═════ Input material ═════

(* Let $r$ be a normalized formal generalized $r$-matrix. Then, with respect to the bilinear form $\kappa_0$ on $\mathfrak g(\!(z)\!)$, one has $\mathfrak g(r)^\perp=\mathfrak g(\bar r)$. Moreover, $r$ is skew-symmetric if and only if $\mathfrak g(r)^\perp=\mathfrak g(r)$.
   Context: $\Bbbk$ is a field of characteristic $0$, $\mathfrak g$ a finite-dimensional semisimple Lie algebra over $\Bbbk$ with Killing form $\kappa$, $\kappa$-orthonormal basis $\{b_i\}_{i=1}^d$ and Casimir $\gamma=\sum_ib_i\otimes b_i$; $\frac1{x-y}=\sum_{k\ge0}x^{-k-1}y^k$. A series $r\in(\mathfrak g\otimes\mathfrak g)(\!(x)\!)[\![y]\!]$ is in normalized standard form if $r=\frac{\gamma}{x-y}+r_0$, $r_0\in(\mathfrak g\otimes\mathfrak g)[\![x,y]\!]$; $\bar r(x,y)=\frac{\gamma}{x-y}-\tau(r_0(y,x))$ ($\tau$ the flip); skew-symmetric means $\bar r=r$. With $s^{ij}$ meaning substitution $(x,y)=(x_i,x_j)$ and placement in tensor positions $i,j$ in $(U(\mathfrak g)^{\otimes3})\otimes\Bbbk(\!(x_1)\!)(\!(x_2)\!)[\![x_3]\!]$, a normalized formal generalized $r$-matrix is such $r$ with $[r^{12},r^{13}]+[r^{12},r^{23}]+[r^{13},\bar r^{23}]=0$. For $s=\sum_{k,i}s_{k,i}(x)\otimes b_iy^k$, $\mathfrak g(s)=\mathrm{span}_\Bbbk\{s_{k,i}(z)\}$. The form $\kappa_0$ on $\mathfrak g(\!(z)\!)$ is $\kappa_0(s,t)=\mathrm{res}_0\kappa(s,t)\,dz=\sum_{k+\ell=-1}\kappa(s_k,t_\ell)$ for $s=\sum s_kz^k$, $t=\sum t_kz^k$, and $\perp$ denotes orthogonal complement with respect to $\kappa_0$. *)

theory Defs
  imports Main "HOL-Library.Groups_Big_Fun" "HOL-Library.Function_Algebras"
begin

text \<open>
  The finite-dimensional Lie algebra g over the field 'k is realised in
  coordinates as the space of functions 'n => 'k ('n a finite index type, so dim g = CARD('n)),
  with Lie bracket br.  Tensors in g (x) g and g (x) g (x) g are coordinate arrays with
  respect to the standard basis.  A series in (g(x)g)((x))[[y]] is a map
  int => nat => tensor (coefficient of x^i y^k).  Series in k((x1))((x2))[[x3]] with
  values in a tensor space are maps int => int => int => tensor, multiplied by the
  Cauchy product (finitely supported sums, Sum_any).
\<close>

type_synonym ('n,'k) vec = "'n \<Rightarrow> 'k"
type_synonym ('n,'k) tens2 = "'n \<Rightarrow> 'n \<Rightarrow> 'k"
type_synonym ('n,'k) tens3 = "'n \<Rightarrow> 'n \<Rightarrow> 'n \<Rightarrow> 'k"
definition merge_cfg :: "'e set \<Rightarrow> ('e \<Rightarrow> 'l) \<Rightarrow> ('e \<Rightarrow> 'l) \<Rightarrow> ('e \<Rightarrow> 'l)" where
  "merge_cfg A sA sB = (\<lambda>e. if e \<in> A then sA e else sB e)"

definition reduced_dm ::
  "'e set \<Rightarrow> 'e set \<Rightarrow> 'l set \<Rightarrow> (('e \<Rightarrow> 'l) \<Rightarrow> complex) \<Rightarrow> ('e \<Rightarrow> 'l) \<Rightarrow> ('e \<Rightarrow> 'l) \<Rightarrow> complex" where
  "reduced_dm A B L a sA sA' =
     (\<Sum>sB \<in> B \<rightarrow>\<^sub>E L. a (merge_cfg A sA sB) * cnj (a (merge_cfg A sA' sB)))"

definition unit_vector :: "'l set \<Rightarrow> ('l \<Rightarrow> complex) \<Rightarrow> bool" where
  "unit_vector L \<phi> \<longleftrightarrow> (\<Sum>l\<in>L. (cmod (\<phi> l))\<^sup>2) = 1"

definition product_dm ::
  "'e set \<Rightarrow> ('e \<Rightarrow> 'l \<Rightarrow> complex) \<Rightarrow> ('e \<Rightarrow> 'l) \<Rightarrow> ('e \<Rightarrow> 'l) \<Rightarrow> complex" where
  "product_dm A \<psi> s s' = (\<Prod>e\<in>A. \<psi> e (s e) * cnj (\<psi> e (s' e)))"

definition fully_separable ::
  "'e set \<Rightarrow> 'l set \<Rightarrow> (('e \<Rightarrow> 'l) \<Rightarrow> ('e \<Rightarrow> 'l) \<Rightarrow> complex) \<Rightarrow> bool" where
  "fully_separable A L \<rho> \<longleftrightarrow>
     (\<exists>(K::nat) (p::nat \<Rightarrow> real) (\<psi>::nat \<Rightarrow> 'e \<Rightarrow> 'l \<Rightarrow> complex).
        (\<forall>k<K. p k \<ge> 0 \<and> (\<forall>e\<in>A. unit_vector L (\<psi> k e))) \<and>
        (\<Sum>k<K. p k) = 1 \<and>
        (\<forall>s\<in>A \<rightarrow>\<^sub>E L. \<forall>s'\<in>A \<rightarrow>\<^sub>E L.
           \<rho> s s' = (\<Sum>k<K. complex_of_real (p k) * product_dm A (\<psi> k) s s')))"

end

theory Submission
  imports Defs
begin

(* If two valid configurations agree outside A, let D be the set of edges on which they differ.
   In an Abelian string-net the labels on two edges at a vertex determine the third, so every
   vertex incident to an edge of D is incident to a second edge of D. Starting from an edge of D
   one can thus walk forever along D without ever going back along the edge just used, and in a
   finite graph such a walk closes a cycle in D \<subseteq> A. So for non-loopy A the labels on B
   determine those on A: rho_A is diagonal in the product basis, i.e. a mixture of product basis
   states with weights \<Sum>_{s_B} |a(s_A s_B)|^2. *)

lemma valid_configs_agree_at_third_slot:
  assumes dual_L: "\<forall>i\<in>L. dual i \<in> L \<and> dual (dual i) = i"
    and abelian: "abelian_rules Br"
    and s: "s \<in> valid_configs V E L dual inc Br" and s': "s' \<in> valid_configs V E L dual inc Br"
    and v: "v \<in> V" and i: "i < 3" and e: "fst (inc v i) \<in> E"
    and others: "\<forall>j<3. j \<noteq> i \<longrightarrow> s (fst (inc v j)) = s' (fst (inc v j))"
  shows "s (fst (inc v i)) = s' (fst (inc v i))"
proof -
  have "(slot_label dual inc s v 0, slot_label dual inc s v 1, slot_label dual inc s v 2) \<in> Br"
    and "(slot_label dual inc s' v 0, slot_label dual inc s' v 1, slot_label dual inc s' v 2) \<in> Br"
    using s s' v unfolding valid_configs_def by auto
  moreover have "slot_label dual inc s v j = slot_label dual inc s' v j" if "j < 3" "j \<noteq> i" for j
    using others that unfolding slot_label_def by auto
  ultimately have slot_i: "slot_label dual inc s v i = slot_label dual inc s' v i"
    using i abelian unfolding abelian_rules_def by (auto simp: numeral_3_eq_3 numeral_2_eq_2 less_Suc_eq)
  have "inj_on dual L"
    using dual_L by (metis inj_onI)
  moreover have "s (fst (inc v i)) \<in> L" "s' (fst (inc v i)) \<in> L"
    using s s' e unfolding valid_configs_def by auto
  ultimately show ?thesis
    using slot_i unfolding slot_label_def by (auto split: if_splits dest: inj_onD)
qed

═════

Exercise details => Could you find each line in the entries that contains the string "walk" and copy it?

Response =>
   one can thus walk forever along D without ever going back along the edge just used, and in a
   finite graph such a walk closes a cycle in D \<subseteq> A. So for non-loopy A the labels on B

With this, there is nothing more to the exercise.